[Task objective] Scan the data for lines with "rRLI" and report the count by itself.

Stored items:
(* Let $a<b$, $\alpha,\beta\in(0,1)$, $\xi,y_a,y_b\in\mathbb R$, $F,G\in C^1([a,b]\times\mathbb R^2;\mathbb R)$. Consider $$\mathcal J(y)={}_aI_b^\alpha\big[t\mapsto F(t,y(t),{}^C_aD_t^\beta[y](t))\big](b)\to\min,\quad \mathcal I(y)={}_aI_b^\alpha\big[t\mapsto G(t,y(t),{}^C_aD_t^\beta[y](t))\big](b)=\xi,\quad y(a)=y_a,\ y(b)=y_b,$$ over $y\in C^1([a,b])$ with ${}^C_aD_t^\beta[y]$ continuous on $[a,b]$. Let $y$ be a minimizer, write $[y](t)=(t,y(t),{}^C_aD_t^\beta[y](t))$, and assume for $L\in\{F,G\}$, with $g_L(t)=(b-t)^{\alpha-1}\partial_3L([y](t))$: $t\mapsto(b-t)^{\alpha-1}\partial_2L([y](t))$ and ${}_tD_b^\beta[g_L]$ are continuous on $(a,b)$; ${}_tI_b^{1-\beta}[g_L]$ is absolutely continuous on $[a,b]$; and either the kernel $(t,\tau)\mapsto(t-\tau)^{-\beta}/\Gamma(1-\beta)$ is square integrable on $\{a\le\tau<t\le b\}$ and $g_L\in L_2([a,b])$, or $g_L$ is continuous on $[a,b]$. If $y$ is not an extremal of $\mathcal I$, i.e. it is not true that $(b-t)^{\alpha-1}\partial_2G([y](t))+{}_tD_b^\beta[g_G](t)=0$ for all $t\in(a,b)$, then there exists $\lambda\in\mathbb R$ such that, with $H=F-\lambda G$, $$(b-t)^{\alpha-1}\partial_2H([y](t))+{}_tD_b^\beta\big[\tau\mapsto(b-\tau)^{\alpha-1}\partial_3H([y](\tau))\big](t)=0\quad\text{for all }t\in(a,b).$$
   Context: $\partial_iL$ denotes the partial derivative in the $i$-th argument. For $\mu\in(0,1)$: ${}_aI_t^\mu[f](t)=\frac1{\Gamma(\mu)}\int_a^t(t-\tau)^{\mu-1}f(\tau)d\tau$, ${}_tI_b^\mu[f](t)=\frac1{\Gamma(\mu)}\int_t^b(\tau-t)^{\mu-1}f(\tau)d\tau$, ${}_tD_b^\mu[f](t)=-\frac{d}{dt}{}_tI_b^{1-\mu}[f](t)$, ${}^C_aD_t^\mu[f](t)={}_aI_t^{1-\mu}[f'](t)$. ${}_aI_b^\alpha[h](b)$ means $\frac1{\Gamma(\alpha)}\int_a^b(b-t)^{\alpha-1}h(t)dt$. *)

theory Defs
  imports "HOL-Analysis.Analysis"
begin

definition lRLI :: "real \<Rightarrow> real \<Rightarrow> (real \<Rightarrow> real) \<Rightarrow> real \<Rightarrow> real" where
  "lRLI mu a f t = (1 / Gamma mu) * integral {a..t} (\<lambda>\<tau>. (t - \<tau>) powr (mu - 1) * f \<tau>)"

definition rRLI :: "real \<Rightarrow> real \<Rightarrow> (real \<Rightarrow> real) \<Rightarrow> real \<Rightarrow> real" where
  "rRLI mu b f t = (1 / Gamma mu) * integral {t..b} (\<lambda>\<tau>. (\<tau> - t) powr (mu - 1) * f \<tau>)"

definition rRLD :: "real \<Rightarrow> real \<Rightarrow> (real \<Rightarrow> real) \<Rightarrow> real \<Rightarrow> real" where
  "rRLD mu b f t = - deriv (\<lambda>s. rRLI (1 - mu) b f s) t"

definition lCD :: "real \<Rightarrow> real \<Rightarrow> (real \<Rightarrow> real) \<Rightarrow> real \<Rightarrow> real" where
  "lCD mu a f t = lRLI (1 - mu) a (deriv f) t"

definition d2 :: "(real \<Rightarrow> real \<Rightarrow> real \<Rightarrow> real) \<Rightarrow> real \<Rightarrow> real \<Rightarrow> real \<Rightarrow> real" where
  "d2 L t x v = deriv (\<lambda>z. L t z v) x"

definition d3 :: "(real \<Rightarrow> real \<Rightarrow> real \<Rightarrow> real) \<Rightarrow> real \<Rightarrow> real \<Rightarrow> real \<Rightarrow> real" where
  "d3 L t x v = deriv (\<lambda>w. L t x w) v"

definition C1_3 :: "real set \<Rightarrow> (real \<Rightarrow> real \<Rightarrow> real \<Rightarrow> real) \<Rightarrow> bool" where
  "C1_3 S L \<longleftrightarrow> (\<exists>L1 L2 L3.
     (\<forall>t\<in>S. \<forall>x v.
        ((\<lambda>s. L s x v) has_real_derivative L1 t x v) (at t within S) \<and>
        ((\<lambda>z. L t z v) has_real_derivative L2 t x v) (at x) \<and>
        ((\<lambda>w. L t x w) has_real_derivative L3 t x v) (at v)) \<and>
     continuous_on (S \<times> UNIV \<times> UNIV) (\<lambda>(t, x, v). L1 t x v) \<and>
     continuous_on (S \<times> UNIV \<times> UNIV) (\<lambda>(t, x, v). L2 t x v) \<and>
     continuous_on (S \<times> UNIV \<times> UNIV) (\<lambda>(t, x, v). L3 t x v))"

definition C1_interval :: "real \<Rightarrow> real \<Rightarrow> (real \<Rightarrow> real) \<Rightarrow> bool" where
  "C1_interval a b y \<longleftrightarrow> (\<exists>y'. (\<forall>t\<in>{a..b}. (y has_real_derivative y' t) (at t within {a..b}))
      \<and> continuous_on {a..b} y')"

definition abs_cont_on :: "real \<Rightarrow> real \<Rightarrow> (real \<Rightarrow> real) \<Rightarrow> bool" where
  "abs_cont_on a b f \<longleftrightarrow> (\<forall>e>0. \<exists>d>0. \<forall>n::nat. \<forall>s u :: nat \<Rightarrow> real.
     (\<forall>i<n. a \<le> s i \<and> s i \<le> u i \<and> u i \<le> b) \<and>
     (\<forall>i<n. \<forall>j<n. i \<noteq> j \<longrightarrow> u i \<le> s j \<or> u j \<le> s i) \<and>
     (\<Sum>i<n. u i - s i) < d \<longrightarrow> (\<Sum>i<n. \<bar>f (u i) - f (s i)\<bar>) < e)"

definition admissible :: "real \<Rightarrow> real \<Rightarrow> real \<Rightarrow> real \<Rightarrow> real \<Rightarrow> real \<Rightarrow>
    (real \<Rightarrow> real \<Rightarrow> real \<Rightarrow> real) \<Rightarrow> real \<Rightarrow> (real \<Rightarrow> real) \<Rightarrow> bool" where
  "admissible a b alpha beta ya yb G xi y \<longleftrightarrow>
     C1_interval a b y \<and> continuous_on {a..b} (lCD beta a y) \<and>
     y a = ya \<and> y b = yb \<and>
     lRLI alpha a (\<lambda>t. G t (y t) (lCD beta a y t)) b = xi"

end

theory Submission
  imports Defs
begin

text \<open>
  Perturb the minimiser along two test functions, \<open>z = y + e\<^sub>1 \<eta>\<^sub>1 + e\<^sub>2 \<eta>\<^sub>2\<close>. Both functionals
  are differentiable in \<open>(e\<^sub>1, e\<^sub>2)\<close> at the origin. Since \<open>y\<close> is not an extremal of the
  constraint, \<open>\<eta>\<^sub>2\<close> can be chosen so that the constraint has a non-zero partial derivative in
  \<open>e\<^sub>2\<close>; the intermediate value theorem then provides points of the constraint set in every
  direction \<open>e\<^sub>1\<close>, and minimality forces the two gradients to be parallel. This gives one
  multiplier \<open>\<lambda>\<close> for all \<open>\<eta>\<^sub>1\<close>. Fractional integration by parts (Fubini on the triangle
  \<open>a \<le> \<tau> \<le> t \<le> b\<close> followed by the fundamental theorem of calculus) turns every first
  variation into the integral of \<open>\<eta>\<close> against the Euler--Lagrange expression, and the
  fundamental lemma of the calculus of variations, applied with bump functions, yields
  \<open>E\<^sub>F - \<lambda> E\<^sub>G = 0\<close> on \<open>(a, b)\<close>.
\<close>

section \<open>Integrals against singular power kernels\<close>

lemma has_integral_powr_diff_left:
  fixes a t p :: real
  assumes "a \<le> t" "p > -1"
  shows "((\<lambda>\<tau>. (t - \<tau>) powr p) has_integral (t - a) powr (p + 1) / (p + 1)) {a..t}"
proof -
  have "((\<lambda>x. x powr p) has_integral (t - a) powr (p + 1) / (p + 1)) {0..t-a}"
    using has_integral_powr_from_0[of p "t-a"] assms by simp
  then have "((\<lambda>x. (-x) powr p) has_integral (t - a) powr (p + 1) / (p + 1)) {-(t-a)..-0}"
    using has_integral_reflect_real[of "\<lambda>x. x powr p"] by blast
  then have "((\<lambda>x. (\<lambda>x. (-x) powr p) (1 *\<^sub>R x + (-t))) has_integral ((t - a) powr (p + 1) / (p + 1)) /\<^sub>R 1 ^ DIM(real))
        (cbox ((-(t-a) - (-t)) /\<^sub>R 1) ((-0 - (-t)) /\<^sub>R 1))"
    by (subst has_integral_affinity_iff) auto
  then show ?thesis by simp
qed

lemma has_integral_powr_diff_right:
  fixes \<tau> b p :: real
  assumes "\<tau> \<le> b" "p > -1"
  shows "((\<lambda>t. (t - \<tau>) powr p) has_integral (b - \<tau>) powr (p + 1) / (p + 1)) {\<tau>..b}"
proof -
  have "((\<lambda>x. x powr p) has_integral (b - \<tau>) powr (p + 1) / (p + 1)) {0..b-\<tau>}"
    using has_integral_powr_from_0[of p "b-\<tau>"] assms by simp
  then have "((\<lambda>x. (\<lambda>x. x powr p) (1 *\<^sub>R x + (-\<tau>))) has_integral ((b - \<tau>) powr (p + 1) / (p + 1)) /\<^sub>R 1 ^ DIM(real))
        (cbox ((0 - (-\<tau>)) /\<^sub>R 1) ((b - \<tau> - (-\<tau>)) /\<^sub>R 1))"
    by (subst has_integral_affinity_iff) auto
  then show ?thesis by simp
qed

lemma absolutely_integrable_mult_continuous:
  fixes k f :: "real \<Rightarrow> real"
  assumes "k absolutely_integrable_on {c..d}" "continuous_on {c..d} f"
  shows "(\<lambda>x. k x * f x) absolutely_integrable_on {c..d}"
proof -
  have "(\<lambda>x. f x * k x) absolutely_integrable_on {c..d}"
  proof (rule absolutely_integrable_bounded_measurable_product_real)
    show "f \<in> borel_measurable (lebesgue_on {c..d})"
      by (rule continuous_imp_measurable_on_sets_lebesgue[OF assms(2)]) auto
    show "bounded (f ` {c..d})"
      by (intro compact_imp_bounded compact_continuous_image assms(2) compact_Icc)
  qed (use assms(1) in auto)
  then show ?thesis by (simp add: mult.commute)
qed
(* Let $X$ be a compact metric space and $T:X\to X$ a surjective local homeomorphism such that $Sp_l(X,T)$ is a finite set consisting of isolated points of $X$. Then \[{\rm dim}_{\rm am}(X,T)\le{\rm dim}_{\rm tow}(X,T).\]
   Context: $Sp_l(X,T)=\{x:|T^{-1}(\{x\})|\ge2\}$. For $n\in\mathbb{Z}$ and $x\in X$, $T^n(\{x\})$ is the image under $T^n$ if $n\ge0$ and the preimage under $T^{|n|}$ if $n<0$. $P_d(\mathbb{Z})$ is the set of probability measures on $\mathbb{Z}$ supported on at most $d+1$ points, with metric $\rho(\mu,\nu)=\sum_{m}|\mu(m)-\nu(m)|$ and $\mathbb{Z}$-action $\alpha_n(\mu)(m)=\mu(m-n)$. A map $\varphi:X\to P_d(\mathbb{Z})$ is $(E,\varepsilon)$-equivariant ($E\subseteq\mathbb{Z}$ finite, $\varepsilon>0$) if $\rho(\varphi(y),\alpha_n(\varphi(x)))<\varepsilon$ for all $n\in E$, $x\in X$, $y\in T^n(\{x\})$. ${\rm dim}_{\rm am}(X,T)$ is the least $d$ such that for every finite $E$ and $\varepsilon>0$ there is a continuous $(E,\varepsilon)$-equivariant $\varphi:X\to P_d(\mathbb{Z})$. Tower dimension ${\rm dim}_{\rm tow}(X,T)$: least $d$ such that for every finite $E\subseteq\mathbb{Z}$ there are finitely many pairs $(V_i,S_i)$, $V_i$ open, $S_i\subseteq\mathbb{N}$ finite, with $T^{-m}(\overline{V_i})\cap T^{-n}(\overline{V_i})=\varnothing$ for distinct $m,n\in S_i$ ($T^{-j}$ = preimage under $T^j$), the family $\{T^{-n}(V_i):n\in S_i\}$ partitionable into at most $d+1$ subfamilies of pairwise disjoint sets and covering $X$, and each $x$ lying in some $T^{-n}(V_i)$ with $n\in S_i$, $E+n\subseteq S_i$. Dimensions are $\infty$ if no such $d$ exists. *)

theory Defs
  imports "HOL-Analysis.Analysis" "HOL-Library.Extended_Nat"
begin

text \<open>The compact metric space X is the whole carrier of a type 'a of class metric_space.\<close>

definition local_homeo :: "('a::topological_space \<Rightarrow> 'a) \<Rightarrow> bool" where
  "local_homeo T \<longleftrightarrow> (\<forall>x. \<exists>U g. open U \<and> x \<in> U \<and> open (T ` U) \<and> homeomorphism U (T ` U) T g)"

definition Sp_l :: "('a \<Rightarrow> 'a) \<Rightarrow> 'a set" where
  "Sp_l T = {x. \<exists>y z. y \<noteq> z \<and> T y = x \<and> T z = x}"

definition Tn :: "('a \<Rightarrow> 'a) \<Rightarrow> int \<Rightarrow> 'a \<Rightarrow> 'a set" where
  "Tn T n x = (if n \<ge> 0 then {(T ^^ nat n) x} else {y. (T ^^ nat (- n)) y = x})"

definition supp_int :: "(int \<Rightarrow> real) \<Rightarrow> int set" where
  "supp_int \<mu> = {m. \<mu> m \<noteq> 0}"

definition Pd :: "nat \<Rightarrow> (int \<Rightarrow> real) set" where
  "Pd d = {\<mu>. (\<forall>m. \<mu> m \<ge> 0) \<and> finite (supp_int \<mu>) \<and> card (supp_int \<mu>) \<le> d + 1
              \<and> (\<Sum>m\<in>supp_int \<mu>. \<mu> m) = 1}"

definition rho :: "(int \<Rightarrow> real) \<Rightarrow> (int \<Rightarrow> real) \<Rightarrow> real" where
  "rho \<mu> \<nu> = (\<Sum>m\<in>supp_int \<mu> \<union> supp_int \<nu>. \<bar>\<mu> m - \<nu> m\<bar>)"

definition alpha :: "int \<Rightarrow> (int \<Rightarrow> real) \<Rightarrow> (int \<Rightarrow> real)" where
  "alpha n \<mu> = (\<lambda>m. \<mu> (m - n))"

definition equivariant_approx ::
  "('a \<Rightarrow> 'a) \<Rightarrow> int set \<Rightarrow> real \<Rightarrow> ('a \<Rightarrow> (int \<Rightarrow> real)) \<Rightarrow> bool" where
  "equivariant_approx T E \<epsilon> \<phi> \<longleftrightarrow>
     (\<forall>n\<in>E. \<forall>x. \<forall>y\<in>Tn T n x. rho (\<phi> y) (alpha n (\<phi> x)) < \<epsilon>)"

definition rho_continuous :: "('a::metric_space \<Rightarrow> (int \<Rightarrow> real)) \<Rightarrow> bool" where
  "rho_continuous \<phi> \<longleftrightarrow>
     (\<forall>x. \<forall>e>0. \<exists>\<delta>>0. \<forall>y. dist y x < \<delta> \<longrightarrow> rho (\<phi> y) (\<phi> x) < e)"

definition am_ok :: "('a::metric_space \<Rightarrow> 'a) \<Rightarrow> nat \<Rightarrow> bool" where
  "am_ok T d \<longleftrightarrow> (\<forall>E \<epsilon>. finite E \<and> \<epsilon> > 0 \<longrightarrow>
      (\<exists>\<phi>. (\<forall>x. \<phi> x \<in> Pd d) \<and> rho_continuous \<phi> \<and> equivariant_approx T E \<epsilon> \<phi>))"

definition dim_am :: "('a::metric_space \<Rightarrow> 'a) \<Rightarrow> enat" where
  "dim_am T = (if \<exists>d. am_ok T d then enat (LEAST d. am_ok T d) else \<infinity>)"

text \<open>The family {T^{-n}(V i) : n \<in> S i}
  is treated as indexed by pairs (i,n); its partition into at most d+1 subfamilies of
  pairwise disjoint sets is given by a colouring c with values \<le> d.\<close>
definition tow_ok :: "('a::metric_space \<Rightarrow> 'a) \<Rightarrow> nat \<Rightarrow> bool" where
  "tow_ok T d \<longleftrightarrow> (\<forall>E::int set. finite E \<longrightarrow>
     (\<exists>(N::nat) (V::nat \<Rightarrow> 'a set) (S::nat \<Rightarrow> nat set).
        (\<forall>i<N. open (V i) \<and> finite (S i)) \<and>
        (\<forall>i<N. \<forall>m\<in>S i. \<forall>n\<in>S i. m \<noteq> n \<longrightarrow>
            (T ^^ m) -` closure (V i) \<inter> (T ^^ n) -` closure (V i) = {}) \<and>
        (\<exists>c::nat \<Rightarrow> nat \<Rightarrow> nat.
            (\<forall>i<N. \<forall>n\<in>S i. c i n \<le> d) \<and>
            (\<forall>i<N. \<forall>n\<in>S i. \<forall>j<N. \<forall>m\<in>S j. (i, n) \<noteq> (j, m) \<and> c i n = c j m \<longrightarrow>
                (T ^^ n) -` V i \<inter> (T ^^ m) -` V j = {})) \<and>
        (\<Union>i\<in>{..<N}. \<Union>n\<in>S i. (T ^^ n) -` V i) = UNIV \<and>
        (\<forall>x. \<exists>i<N. \<exists>n\<in>S i. x \<in> (T ^^ n) -` V i \<and> (\<forall>e\<in>E. e + int n \<in> int ` S i))))"

definition dim_tow :: "('a::metric_space \<Rightarrow> 'a) \<Rightarrow> enat" where
  "dim_tow T = (if \<exists>d. tow_ok T d then enat (LEAST d. tow_ok T d) else \<infinity>)"

end

theory Submission
  imports Defs
begin

text \<open>Take towers of colour number \<open>d + 1\<close> for \<open>E = {-L..L}\<close>. A Lebesgue number argument shrinks
  the open cover by the levels lying at distance at least \<open>L\<close> from both ends of their tower to
  a closed one, and Urysohn functions \<open>f i\<close> for the bases \<open>V i\<close> equal \<open>1\<close> on the shrunken
  sets. Put at position \<open>-n\<close> the mass \<open>\<Sum>i. f i (T\<^sup>n x) * w i n\<close>, where \<open>w i n\<close> is the distance
  of \<open>n\<close> to the complement of \<open>S i\<close> divided by \<open>L\<close> and cut off at \<open>1\<close>, and normalise. The total
  mass is at least \<open>1\<close>; levels of one colour are disjoint, so at most \<open>d + 1\<close> positions carry
  mass; and passing from \<open>x\<close> to \<open>T\<^sup>k x\<close> changes at most \<open>2(d + 1)\<close> terms, each by at most
  \<open>k/L\<close>. Hence \<open>\<rho>(\<phi>(T\<^sup>k x), \<alpha>\<^sub>k \<phi>(x)) \<le> 4(d + 1)k/L\<close>, which is small for large \<open>L\<close>.\<close>

lemma continuous_on_funpow:
  fixes T :: "'a::topological_space \<Rightarrow> 'a"
  assumes "continuous_on UNIV T"
  shows "continuous_on UNIV (T ^^ n)"
proof (induction n)
  case 0
  show ?case by (simp add: continuous_on_id)
next
  case (Suc n)
  have "continuous_on UNIV (T \<circ> (T ^^ n))"
    by (rule continuous_on_compose) (use Suc assms in \<open>auto intro: continuous_on_subset\<close>)
  then show ?case by simp
qed

lemma compact_space_closed_shrinking:
  fixes W :: "'j \<Rightarrow> 'a::metric_space set"
  assumes "compact (UNIV :: 'a set)" and "\<And>j. j \<in> J \<Longrightarrow> open (W j)" and "(\<Union>j\<in>J. W j) = UNIV"
  obtains K where "\<And>j. closed (K j)" "\<And>j. K j \<subseteq> W j" "(\<Union>j\<in>J. K j) = UNIV"
proof -
  obtain e where e: "0 < e" "\<And>x. \<exists>G \<in> W ` J. ball x e \<subseteq> G"
    using Heine_Borel_lemma[of UNIV "W ` J"] assms by auto
  define K where "K j = (\<Inter>a \<in> - W j. {x. e \<le> dist x a})" for j
  show thesis
  proof
    show "closed (K j)" for j
      unfolding K_def by (intro closed_INT ballI closed_Collect_le continuous_intros)
    show "K j \<subseteq> W j" for j
      using e(1) unfolding K_def by force
    show "(\<Union>j\<in>J. K j) = UNIV"
    proof -
      have "x \<in> (\<Union>j\<in>J. K j)" for x
      proof -
        obtain j where "j \<in> J" "ball x e \<subseteq> W j" using e(2) by blast
        then show ?thesis unfolding K_def by (force simp: subset_iff not_less)
      qed
      then show ?thesis by blast
    qed
  qed
qed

[Result of this exercise] 3